In the listing that follows, count the lines holding the word "intro" and report only that number.
[PROVIDED INFORMATION — start]
lemma poisson_ideal_adjoin_cvar:
  assumes P: "poisson_ideal n q lam d P" and v: "v \<in> Vars n"
    and brackets: "\<forall>b\<in>Vars n. gb q lam d v b \<in> adjoin_cvar n P v"
  shows "poisson_ideal n q lam d (adjoin_cvar n P v)"
  unfolding poisson_ideal_def
proof (intro conjI ballI)
  have cP: "c_ideal n P"
    using P unfolding poisson_ideal_def by blast
  show K: "c_ideal n (adjoin_cvar n P v)"
    using c_ideal_adjoin_cvar[OF cP vidx_Vars[OF v]] .
  fix a f assume "a \<in> adjoin_cvar n P v" and f: "f \<in> cR n"
  then obtain p r where a: "a = p + cvar v * r" "p \<in> P" "r \<in> cR n"
    unfolding adjoin_cvar_def by blast
  have "pbr n q lam d p f \<in> adjoin_cvar n P v"
    using P a(2) f subset_adjoin_cvar unfolding poisson_ideal_def by blast
  moreover have "cvar v * pbr n q lam d r f \<in> adjoin_cvar n P v"
    using c_ideal_right[OF K cR_pbr[OF a(3) f] cvar_in_adjoin_cvar[OF cP]] .
  moreover have "pbr n q lam d (cvar v) f \<in> adjoin_cvar n P v"
    unfolding pbr_cvar_left[OF v]
    using brackets cR_pd[OF f] by (intro c_ideal_sum[OF K] c_ideal_left[OF K]) auto
  ultimately show "pbr n q lam d a f \<in> adjoin_cvar n P v"
    unfolding a(1) pbr_add_left pbr_times_left
    using c_ideal_left[OF K a(3)] c_ideal_add[OF K] by blast
qed

lemma adjoin_cvar_times:
  assumes P: "c_ideal n P" and u: "vidx u \<in> {1..n}" and v: "vidx v \<in> {1..n}"
    and a: "a \<in> adjoin_cvar n P u" and b: "b \<in> adjoin_cvar n P v"
    and uv: "cvar u * cvar v \<in> P"
  shows "a * b \<in> P"
proof -
  obtain p r where pr: "a = p + cvar u * r" "p \<in> P" "r \<in> cR n"
    using a unfolding adjoin_cvar_def by blast
  obtain p' r' where pr': "b = p' + cvar v * r'" "p' \<in> P" "r' \<in> cR n"
    using b unfolding adjoin_cvar_def by blast
  have "a * b = p * b + (cvar u * r) * p' + (cvar u * cvar v) * (r * r')"
    unfolding pr(1) pr'(1) by (simp add: algebra_simps)
  moreover have "b \<in> cR n"
    using b c_ideal_subset[OF c_ideal_adjoin_cvar[OF P v]] by blast
  then have "p * b \<in> P"
    using c_ideal_right[OF P _ pr(2)] by blast
  moreover have "(cvar u * r) * p' \<in> P"
    using c_ideal_left[OF P cR_times[OF cR_cvar[OF u] pr(3)] pr'(2)] .
  moreover have "(cvar u * cvar v) * (r * r') \<in> P"
    using c_ideal_right[OF P cR_times[OF pr(3) pr'(3)] uv] .
  ultimately show ?thesis
    using c_ideal_add[OF P] by simp
qed

lemma gb_in_ideal_of_cvar:
  assumes K: "c_ideal n K" and a: "cvar a \<in> K"
    and ab: "vidx a \<in> {1..n}" "vidx b \<in> {1..n}" and "vidx b \<noteq> vidx a \<or> b = a"
  shows "gb q lam d a b \<in> K"
proof -
  have left: "s * g \<in> K" "- (s * g) \<in> K" if "s \<in> cR n" "g \<in> K" for s g
    using c_ideal_left[OF K that] c_ideal_uminus[OF K] by blast+
  have both: "s * g * t \<in> K" "- (s * g * t) \<in> K" if "s \<in> cR n" "t \<in> cR n" "g \<in> K" for s g t
    using c_ideal_right[OF K that(2) left(1)[OF that(1,3)]] c_ideal_uminus[OF K] by blast+
  show ?thesis
    using assms(5) ab a c_ideal_0[OF K]
    by (cases a; cases b) (auto, (fastforce intro: left both cR_times cR_cconst cR_cvar)+)
qed

lemma cz_eq: "1 \<le> i \<Longrightarrow> cz i = cz (i - 1) + cvar (Y i) * cvar (X i)"
  unfolding cz_def by (cases i) (simp_all add: add.assoc)

lemma gb_Y_X: "gb q lam d (Y i) (X i) = - (cconst (d (q i)) * cz i)"
  by (simp add: cz_def)

lemma gb_X_Y: "gb q lam d (X i) (Y i) = cconst (d (q i)) * cz i"
  by (simp add: cz_def)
[PROVIDED INFORMATION — finish]
__TASK RESULT__
3